In the meantime, I moved to other tasks on our punch list while I awaited for the call from Lutron. Two days later, the tech called back. He did not have any ideas for me, but asked a few more questions on behalf of the engineers. It was mostly a reiteration of what had already been said. He stated that he would contact me as soon as they found something.
The next day, our list of things to do was quite small, and I really wanted to fix this problem. I called a skilled and masterful electrician with whom I had worked in the past to see if he had ever seen anything like this before. He said that he had not, but he let me know that when he has seen odd problems in the past that manifest in multiple fixtures, it was generally one of two things: a bad batch of ballasts or the tombstones. He had seen entire batches of ballasts be defective and said that it was not beyond possibility.
The tombstones being the easier of the two to check, I focused on them. I knew that the two tombstones which belonged to each lamp in each fixture were wired to the ballast on that lamp’s side of the fixture, so I looked at the tombstones themselves. They had a good, solid connection to the wiring, but I noticed something with the ballast and tombstone wiring in general. Here is what I saw:
Why was it wired that way? I had absolutely no idea if that was the problem or not, but I was out of options. I reversed the blue and the red wires on one ballast so that the fixture looked like the following:
I turned-on the fixture to full brightness and dimmed it to 50%. I held my breath as I slowly lowered the dimmer to its lowest setting. When the dimmer hit the bottom, there was no oscillation to be found. It worked!

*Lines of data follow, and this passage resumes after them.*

lemma starts_between_split: "starts_between W a c \<le> starts_between W a b + starts_between W b c"
proof -
  have "lz_starts W \<inter> {a..<c} \<subseteq> (lz_starts W \<inter> {a..<b}) \<union> (lz_starts W \<inter> {b..<c})"
    by auto
  then have "card (lz_starts W \<inter> {a..<c})
      \<le> card ((lz_starts W \<inter> {a..<b}) \<union> (lz_starts W \<inter> {b..<c}))"
    by (intro card_mono) auto
  also have "\<dots> \<le> card (lz_starts W \<inter> {a..<b}) + card (lz_starts W \<inter> {b..<c})"
    by (rule card_Un_le)
  finally show ?thesis unfolding starts_between_def .
qed

lemma starts_between_telescope:
  "starts_between W (g 0) (g k) \<le> (\<Sum>j<k. starts_between W (g j) (g (Suc j)))"
proof (induction k)
  case 0
  then show ?case by (simp add: starts_between_def)
next
  case (Suc k)
  then show ?case using starts_between_split[of W "g 0" "g (Suc k)" "g k"] by simp
qed

lemma lz_next_gt_earlier_factor:
  assumes "earlier_factor W a n" and "a \<le> x" and "x \<le> a + n"
  shows "a + n < lz_next W x"
proof -
  have "earlier_factor W x (n - (x - a))"
    using earlier_factor_drop[OF assms(1), of "x - a"] assms(2,3) by simp
  then have "n - (x - a) \<le> lz_len W x"
    by (rule earlier_factor_le_lz_len)
  then show ?thesis using assms(2,3) unfolding lz_next_def by linarith
qed

lemma starts_between_earlier_factor:
  assumes "earlier_factor W a n"
  shows "starts_between W a (Suc (a + n)) \<le> 1"
proof -
  let ?S = "lz_starts W \<inter> {a..<Suc (a + n)}"
  have no_later: False if x: "x \<in> ?S" and y: "y \<in> ?S" and "x < y" for x y
  proof -
    obtain j k where xj: "x = lz_start W j" and yk: "y = lz_start W k"
      using x y by (auto simp: lz_starts_def)
    then have "Suc j \<le> k"
      using \<open>x < y\<close> strict_mono_lz_start[of W] by (simp add: strict_mono_less Suc_le_eq)
    then have "lz_next W x \<le> y"
      using strict_mono_lz_start[of W]
      by (simp add: xj yk strict_mono_less_eq flip: lz_start_Suc)
    moreover have "a + n < lz_next W x"
      using x by (intro lz_next_gt_earlier_factor[OF assms]) auto
    ultimately show False using y by simp
  qed
  have "\<forall>x\<in>?S. \<forall>y\<in>?S. x = y"
    using no_later by (metis linorder_neqE_nat)
  then show ?thesis
    unfolding starts_between_def One_nat_def by (subst card_le_Suc0_iff_eq) auto
qed

lemma strict_mono_segment_unique:
  assumes "strict_mono (f :: nat \<Rightarrow> nat)"
    and "f j \<le> i" "i < f (Suc j)" and "f k \<le> i" "i < f (Suc k)"
  shows "j = k"
proof (rule ccontr)
  assume "j \<noteq> k"
  then consider "Suc j \<le> k" | "Suc k \<le> j" by linarith
  then show False
  proof cases
    case 1
    then have "f (Suc j) \<le> f k" using assms(1) by (simp add: strict_mono_less_eq)
    then show False using assms(3,4) by linarith
  next
    case 2
    then have "f (Suc k) \<le> f j" using assms(1) by (simp add: strict_mono_less_eq)
    then show False using assms(2,5) by linarith
  qed
qed

lemma sum_le_double:
  fixes c w :: "nat \<Rightarrow> nat"
  assumes "0 < z" and "\<And>j. j < z \<Longrightarrow> c j \<le> 2 + w j" and "c 0 \<le> 1 + w 0"
  shows "(\<Sum>j<z. c j) + 1 \<le> 2 * z + (\<Sum>j<z. w j)"
proof -
  obtain z' where z: "z = Suc z'" using assms(1) gr0_conv_Suc by blast
  have "(\<Sum>j<z'. c (Suc j)) \<le> (\<Sum>j<z'. 2 + w (Suc j))"
    using assms(2) z by (intro sum_mono) simp
  then have "(\<Sum>j<z. c j) + 1 \<le> (\<Sum>j<z. 2 + w j)"
    using assms(3) by (simp add: z sum.lessThan_Suc_shift del: sum.lessThan_Suc)
  also have "\<dots> = 2 * z + (\<Sum>j<z. w j)"
    by (simp only: sum.distrib) simp
  finally show ?thesis .
qed

(* Substitution, insertion and deletion are the cases |x| = |y| = 1, |x| = 0 < |y| and
   |y| = 0 < |x|. *)
locale single_edit =
  fixes u x y v T T' :: "'a list"
  assumes T_eq: "T = u @ x @ v" and T'_eq: "T' = u @ y @ v"
    and length_x: "length x \<le> 1" and length_y: "length y \<le> 1"
begin

(* align sends a position of T outside x to the position of the same letter of T';
   align_boundary sends phrase boundaries, fixing the boundary at the edit so that y is
   assigned to the phrase of T containing the edit. *)
definition align :: "nat \<Rightarrow> nat" where
  "align r = (if r < length u then r else r + length y - length x)"

definition align_boundary :: "nat \<Rightarrow> nat" where
  "align_boundary p = (if p \<le> length u then p else p + length y - length x)"

definition avoids_edit :: "nat \<Rightarrow> nat \<Rightarrow> bool" where
  "avoids_edit r n \<longleftrightarrow> r + n \<le> length u \<or> length u + length x \<le> r"

definition edit_in_phrase :: "nat \<Rightarrow> bool" where
  "edit_in_phrase j \<longleftrightarrow> lz_start T j \<le> length u \<and> length u < lz_start T (Suc j)"

lemma length_T': "length T' + length x = length T + length y"
  by (simp add: T_eq T'_eq)

lemma take_drop_align:
  assumes "avoids_edit r n" and "r + n \<le> length T"
  shows "take n (drop (align r) T') = take n (drop r T)"
proof (cases "r + n \<le> length u")
  case True
  then show ?thesis
    by (cases "n = 0") (auto simp: align_def T_eq T'_eq)
next
  case False
  with assms(1) obtain k where "r = length u + length x + k"
    by (auto simp: avoids_edit_def dest: le_Suc_ex)
  moreover have "align r = length u + length y + k"
    using calculation length_x by (auto simp: align_def)
  ultimately show ?thesis by (simp add: T_eq T'_eq)
qed

lemma align_less:
  assumes "r' < r" and "avoids_edit r' n" and "avoids_edit r n" and "0 < n"
  shows "align r' < align r"
  using assms length_x by (auto simp: align_def avoids_edit_def)

lemma starts_between_copy_avoiding:
  assumes eq: "take n (drop r' T) = take n (drop r T)" and "r' < r" and "r + n \<le> length T"
    and "avoids_edit r' n" and "avoids_edit r n"
  shows "starts_between T' (align r) (Suc (align r + n)) \<le> 1"
proof (cases "n = 0")
  case True
  then show ?thesis using starts_between_le[of T' "align r" "Suc (align r)"] by simp
next
  case False
  have "r' + n \<le> length T" using assms(2,3) by linarith
  then have copy: "take n (drop (align r') T') = take n (drop (align r) T')"
    using take_drop_align[OF assms(4)] take_drop_align[OF assms(5,3)] eq by simp
  have "length (take n (drop (align r) T')) = n"
    using take_drop_align[OF assms(5,3)] assms(3) by simp
  then have "n \<le> length T' - align r" by simp
  with copy align_less[OF assms(2,4,5)] False have "earlier_factor T' (align r) n"
    unfolding earlier_factor_def by blast
  then show ?thesis by (rule starts_between_earlier_factor)
qed

lemma starts_between_copy:
  assumes eq: "take n (drop r' T) = take n (drop r T)" and "r' < r" and "r + n \<le> length T"
    and "avoids_edit r n"
  shows "starts_between T' (align r) (Suc (align r + n)) \<le> 2"
proof (cases "avoids_edit r' n")
  case True
  then show ?thesis using starts_between_copy_avoiding[OF assms(1-3) True assms(4)] by simp
next
  case False
  define d where "d = length u - r'"
  have straddle: "r' \<le> length u" "length u < r' + n" "r' + d = length u" "d < n"
    using False length_x by (auto simp: avoids_edit_def d_def)
  have right: "length u + length x \<le> r"
    using assms(2,4) straddle(2) by (auto simp: avoids_edit_def)
  have "starts_between T' (align r) (Suc (align r + d)) \<le> 1"
  proof (rule starts_between_copy_avoiding)
    show "take d (drop r' T) = take d (drop r T)"
      using take_drop_eq_shift[OF eq, of 0 d] straddle by simp
  qed (use assms straddle right in \<open>auto simp: avoids_edit_def\<close>)
  moreover have "starts_between T' (align (Suc d + r)) (Suc (align (Suc d + r) + (n - Suc d))) \<le> 1"
  proof (rule starts_between_copy_avoiding)
    show "take (n - Suc d) (drop (Suc d + r') T) = take (n - Suc d) (drop (Suc d + r) T)"
      using take_drop_eq_shift[OF eq, of "Suc d" "n - Suc d"] straddle by simp
  qed (use assms straddle right length_x in \<open>auto simp: avoids_edit_def\<close>)
  moreover have "align (Suc d + r) = Suc (align r + d)"
    using right by (auto simp: align_def)
  ultimately show ?thesis
    using starts_between_split[of T' "align r" "Suc (align r + n)" "Suc (align r + d)"] straddle(4)
    by simp
qed

lemma starts_between_copy_before_edit:
  assumes eq: "take l (drop q T) = take l (drop s T)" and "q < s"
    and "s \<le> length u" and "length u \<le> s + l"
  shows "starts_between T' s (Suc (length u)) \<le> 1"
proof (cases "s = length u")
  case True
  then show ?thesis using starts_between_le[of T' s "Suc (length u)"] by simp
next
  case False
  have "starts_between T' (align s) (Suc (align s + (length u - s))) \<le> 1"
  proof (rule starts_between_copy_avoiding)
    show "take (length u - s) (drop q T) = take (length u - s) (drop s T)"
      using take_drop_eq_shift[OF eq, of 0 "length u - s"] assms(3,4) by simp
  qed (use assms in \<open>auto simp: avoids_edit_def T_eq\<close>)
  then show ?thesis using assms(3) False by (simp add: align_def)
qed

I do not know how or why it worked as I still do not know the technical cause of the problem. I spoke with the tech at Lutron a day or two later and explained what I had done. He did not understand it either, but said he would forward it on to the engineers. I have not since heard from them. I spent the next three hours switching the wiring on a single ballast in each fixture, and installing the proper 28W lamps.

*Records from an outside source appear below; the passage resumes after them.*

(* Let $\mathcal A\in\mathbb C^{n_1\times n_2\times n_3}$, $\mathcal A^-\in\mathcal A\{1\}$ and $\mathcal X\in\mathbb C^{n_2\times n_1\times n_3}$. The following are equivalent: (a) $\mathcal X=\mathcal A^-\mathcal A\mathcal A^*$; (b) $\mathcal X(\mathcal A^\dagger)^*\mathcal X=\mathcal X$, $(\mathcal A^\dagger)^*\mathcal X(\mathcal A^\dagger)^*=(\mathcal A^\dagger)^*$, $\mathcal A\mathcal X=\mathcal A\mathcal A^*$ and $\mathcal X(\mathcal A^\dagger)^*=\mathcal A^-\mathcal A$; (c) $\mathcal X(\mathcal A^\dagger)^*\mathcal X=\mathcal X$, $(\mathcal A^\dagger)^*\mathcal X(\mathcal A^\dagger)^*=(\mathcal A^\dagger)^*$, $(\mathcal A^\dagger)^*\mathcal X=\mathcal A\mathcal A^\dagger$ and $\mathcal X(\mathcal A^\dagger)^*=\mathcal A^-\mathcal A$; (d) $\mathcal X(\mathcal A^\dagger)^*\mathcal X=\mathcal X$, $(\mathcal A^\dagger)^*\mathcal X=\mathcal A\mathcal A^\dagger$ and $\mathcal X(\mathcal A^\dagger)^*=\mathcal A^-\mathcal A$; (e) $\mathcal A^-\mathcal A\mathcal X=\mathcal X$ and $\mathcal A\mathcal X=\mathcal A\mathcal A^*$.
   Context: Fix a nonsingular matrix $M\in\mathbb C^{n_3\times n_3}$. For $\mathcal C\in\mathbb C^{n_1\times n_2\times n_3}$ let $\widehat{\mathcal C}=\mathcal C\times_3M$, i.e. $\widehat{\mathcal C}_{ijk}=\sum_{l=1}^{n_3}M_{kl}\mathcal C_{ijl}$, and let $\widehat{\mathcal C}^{(i)}$ denote its $i$-th frontal slice. The M-product $\mathcal C\star_M\mathcal D$ of $\mathcal C\in\mathbb C^{n_1\times n_2\times n_3}$ and $\mathcal D\in\mathbb C^{n_2\times l\times n_3}$ is the unique tensor with $\widehat{\mathcal C\star_M\mathcal D}^{(i)}=\widehat{\mathcal C}^{(i)}\widehat{\mathcal D}^{(i)}$ for all $i\in[n_3]$. Juxtaposition of tensors denotes the M-product. The conjugate transpose $\mathcal A^*$ is defined by $\widehat{\mathcal A^*}^{(i)}=(\widehat{\mathcal A}^{(i)})^*$. The Moore–Penrose inverse $\mathcal A^\dagger$ is the unique $\mathcal W$ satisfying $\mathcal A\mathcal W\mathcal A=\mathcal A$, $\mathcal W\mathcal A\mathcal W=\mathcal W$, $(\mathcal A\mathcal W)^*=\mathcal A\mathcal W$, $(\mathcal W\mathcal A)^*=\mathcal W\mathcal A$. $\mathcal A\{1\}$ is the set of all $\mathcal W$ with $\mathcal A\mathcal W\mathcal A=\mathcal A$. *)

theory Defs
  imports "HOL-Analysis.Analysis"
begin

text \<open>A third-order tensor in C^(n1 x n2 x n3) is represented by its frontal slices:
  an element of type (complex^'n2^'n1)^'n3, i.e. C $ k $ i $ j = C_{ijk}.
  The dimensions n1, n2, n3 are the cardinalities of the finite index types.\<close>

type_synonym ('n1, 'n2, 'n3) tensor = "(complex^'n2^'n1)^'n3"

definition tensor_hat :: "complex^'n3^'n3 \<Rightarrow> ('n1::finite,'n2::finite,'n3::finite) tensor
    \<Rightarrow> ('n1,'n2,'n3) tensor" where
  "tensor_hat M C = (\<chi> k. \<chi> i j. \<Sum>l\<in>UNIV. M $ k $ l * C $ l $ i $ j)"

definition cmat_adj :: "complex^'n^'m \<Rightarrow> complex^'m^'n" where
  "cmat_adj A = (\<chi> i j. cnj (A $ j $ i))"

definition mprod :: "complex^'n3^'n3 \<Rightarrow> ('n1::finite,'n2::finite,'n3::finite) tensor
    \<Rightarrow> ('n2,'l::finite,'n3) tensor \<Rightarrow> ('n1,'l,'n3) tensor" where
  "mprod M C D = (THE Z. \<forall>k. tensor_hat M Z $ k = tensor_hat M C $ k ** tensor_hat M D $ k)"

definition tadj :: "complex^'n3^'n3 \<Rightarrow> ('n1::finite,'n2::finite,'n3::finite) tensor
    \<Rightarrow> ('n2,'n1,'n3) tensor" where
  "tadj M A = (THE Z. \<forall>k. tensor_hat M Z $ k = cmat_adj (tensor_hat M A $ k))"

definition tpinv :: "complex^'n3^'n3 \<Rightarrow> ('n1::finite,'n2::finite,'n3::finite) tensor
    \<Rightarrow> ('n2,'n1,'n3) tensor" where
  "tpinv M A = (THE W. mprod M (mprod M A W) A = A \<and> mprod M (mprod M W A) W = W
      \<and> tadj M (mprod M A W) = mprod M A W \<and> tadj M (mprod M W A) = mprod M W A)"

definition tinner :: "complex^'n3^'n3 \<Rightarrow> ('n1::finite,'n2::finite,'n3::finite) tensor
    \<Rightarrow> ('n2,'n1,'n3) tensor set" where
  "tinner M A = {W. mprod M (mprod M A W) A = A}"

end

theory Submission
  imports Defs
begin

Occasionally after implementing the wiring change, a fixture would show very slight symptoms of one lamp oscillating, but if allowed to warm-up for a slight bit before dimming, the oscillation would disappear after dimming. These lamps had not yet been on for very long (burnt-in or seasoned) which may be a contributing factor to this minor oscillation. GE’s information on burn-in is difficult to find. One piece of literature I read stated that these lamps were seasoned enough for dimming at the end of the assembly process and nowhere did I read a specific instruction to burn-in these lamps. That said, it cannot hurt, but that will be the task of those who complete the work as I have since left that job site.

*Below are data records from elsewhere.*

(* A set A is adjacency resolving iff the traces N(x) \<inter> A of the vertices x outside A are
   pairwise distinct.  In the ladder P_2 \<box> P_n two vertices sharing a neighbour are at distance
   two, so apart from empty traces this is a condition on windows of five consecutive columns.

   Lower bound: at most one trace is empty; adding that vertex gives a locating-dominating set.
   Coding each column by the rows it meets, a potential function on four consecutive columns,
   checked on all admissible windows, shows 4 |A| \<ge> 3 n + 1 for locating-dominating sets.

   Upper bound: repeating the pattern 1 0 3 0 2 0 3 0 (with a short base word for the remaining
   columns) gives a set of (3 n + 2) div 4 vertices whose windows are checked in the same way. *)

section \<open>Traces and adjacency resolving sets\<close>

definition trace :: "('a \<Rightarrow> 'a \<Rightarrow> bool) \<Rightarrow> 'a set \<Rightarrow> 'a \<Rightarrow> 'a set" where
  "trace E A x = {z \<in> A. E z x}"

definition separated :: "('a \<Rightarrow> 'a \<Rightarrow> bool) \<Rightarrow> 'a set \<Rightarrow> 'a \<Rightarrow> 'a \<Rightarrow> bool" where
  "separated E A x y \<longleftrightarrow> (trace E A x = trace E A y \<longrightarrow> trace E A x = {})"

definition locating_dominating :: "'a set \<Rightarrow> ('a \<Rightarrow> 'a \<Rightarrow> bool) \<Rightarrow> 'a set \<Rightarrow> bool" where
  "locating_dominating V E A \<longleftrightarrow>
     A \<subseteq> V \<and> inj_on (trace E A) (V - A) \<and> (\<forall>x\<in>V - A. trace E A x \<noteq> {})"

lemma walk_0_iff: "walk V E 0 u v \<longleftrightarrow> u = v \<and> u \<in> V"
  unfolding walk_def by (auto intro!: exI[of _ "\<lambda>_. u"])

lemma walk_1_iff:
  assumes closed: "\<And>u v. E u v \<Longrightarrow> u \<in> V \<and> v \<in> V"
  shows "walk V E 1 u v \<longleftrightarrow> E u v"
proof
  assume "walk V E 1 u v"
  then show "E u v" unfolding walk_def by fastforce
next
  assume "E u v"
  then show "walk V E 1 u v"
    unfolding walk_def using closed[of u v]
    by (intro exI[of _ "\<lambda>i. if i = 0 then u else v"]) (auto simp: le_Suc_eq)
qed

lemma dist1_eq:
  assumes closed: "\<And>u v. E u v \<Longrightarrow> u \<in> V \<and> v \<in> V" and irrefl: "\<And>v. \<not> E v v"
    and "u \<in> V"
  shows "dist1 V E u v = (if u = v then 0 else if E u v then 1 else 2)"
proof -
  have walk_0: "walk V E 0 u v \<longleftrightarrow> u = v" using \<open>u \<in> V\<close> by (simp add: walk_0_iff)
  have walk_1: "walk V E 1 u v \<longleftrightarrow> E u v" using closed by (rule walk_1_iff)
  consider "u = v" | "u \<noteq> v" "E u v" | "u \<noteq> v" "\<not> E u v" by blast
  then show ?thesis
  proof cases
    case 1
    then have "dist V E u v = 0" using walk_0 by (auto simp: dist_def Least_eq_0 zero_enat_def)
    then show ?thesis using 1 by (simp add: dist1_def)
  next
    case 2
    have "(LEAST k. walk V E k u v) = 1"
    proof (rule Least_equality)
      show "walk V E 1 u v" using 2 walk_1 by simp
    next
      fix k assume "walk V E k u v"
      then show "1 \<le> k" using 2 walk_0 by (cases k) auto
    qed
    then show ?thesis using 2 walk_1 by (auto simp: dist1_def dist_def one_enat_def numeral_eq_enat)
  next
    case 3
    have "2 \<le> k" if "walk V E k u v" for k
    proof -
      have "k \<noteq> 0" using that 3 walk_0 by metis
      moreover have "k \<noteq> 1" using that 3 walk_1 by metis
      ultimately show ?thesis by linarith
    qed
    then have "2 \<le> dist V E u v"
      unfolding dist_def using LeastI_ex[of "\<lambda>k. walk V E k u v"] by (auto simp: numeral_eq_enat)
    then show ?thesis using 3 by (simp add: dist1_def min_def)
  qed
qed

lemma adj_resolving_iff_inj_trace:
  assumes closed: "\<And>u v. E u v \<Longrightarrow> u \<in> V \<and> v \<in> V" and irrefl: "\<And>v. \<not> E v v"
  shows "adj_resolving V E A \<longleftrightarrow> A \<subseteq> V \<and> inj_on (trace E A) (V - A)"
proof (cases "A \<subseteq> V")
  case True
  have dist1_A: "dist1 V E z x = (if z = x then 0 else if E z x then 1 else 2)" if "z \<in> A" for z x
    using True that by (intro dist1_eq[OF closed irrefl]) auto
  have outside: "(\<exists>z\<in>A. dist1 V E z x \<noteq> dist1 V E z y) \<longleftrightarrow> trace E A x \<noteq> trace E A y"
    if "x \<in> V - A" "y \<in> V - A" for x y
  proof -
    have "dist1 V E z x \<noteq> dist1 V E z y \<longleftrightarrow> E z x \<noteq> E z y" if "z \<in> A" for z
      using that \<open>x \<in> V - A\<close> \<open>y \<in> V - A\<close> by (auto simp: dist1_A)
    then show ?thesis unfolding trace_def by blast
  qed
  have inside: "\<exists>z\<in>A. dist1 V E z x \<noteq> dist1 V E z y" if "x \<noteq> y" "x \<in> A \<or> y \<in> A" for x y
    using that by (auto simp: dist1_A)
  show ?thesis
    unfolding adj_resolving_def inj_on_def
  proof (intro iffI conjI True ballI impI; (elim conjE)?)
    fix x y
    assume "\<forall>x\<in>V. \<forall>y\<in>V. x \<noteq> y \<longrightarrow> (\<exists>z\<in>A. dist1 V E z x \<noteq> dist1 V E z y)"
      and "x \<in> V - A" "y \<in> V - A" "trace E A x = trace E A y"
    then show "x = y" using outside by blast
  next
    fix x y
    assume "\<forall>x\<in>V - A. \<forall>y\<in>V - A. trace E A x = trace E A y \<longrightarrow> x = y"
      and "x \<in> V" "y \<in> V" "x \<noteq> y"
    then show "\<exists>z\<in>A. dist1 V E z x \<noteq> dist1 V E z y" using outside inside by blast
  qed
qed (simp add: adj_resolving_def)

lemma adim_le_card: "adj_resolving V E A \<Longrightarrow> adim V E \<le> card A"
  unfolding adim_def by (rule Least_le) blast

lemma adim_attained:
  assumes closed: "\<And>u v. E u v \<Longrightarrow> u \<in> V \<and> v \<in> V" and irrefl: "\<And>v. \<not> E v v"
  obtains A where "adj_resolving V E A" "card A = adim V E"
proof -
  have "adj_resolving V E V" by (simp add: adj_resolving_iff_inj_trace[OF closed irrefl])
  then have "\<exists>k A. adj_resolving V E A \<and> card A = k" by blast
  then have "\<exists>A. adj_resolving V E A \<and> card A = adim V E"
    unfolding adim_def by (rule LeastI_ex[where P = "\<lambda>k. \<exists>A. adj_resolving V E A \<and> card A = k"])
  then show ?thesis using that by blast
qed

Of interesting note, Lutron offers a single Hi-lume 3D ballast for two T5 28W lamps. Why that was not used over two separate ballasts I will never know unless they wanted some level of redundancy.
Summary:
- Always check your model numbers against your submittals.
- Your submittal book can be wrong, especially if they include summaries or charts of information from the submittals, or if they have not been kept up-to-date with changes. People at all levels make mistakes.
- Use the manufacturer’s or the specific part’s technical support.
- Use the resources of skilled electricians whom you know.
- Question why things are done the way they are. Although a specific installation may work in one hundred other situations, something about the current situation or manufacture may be the cause of the problem.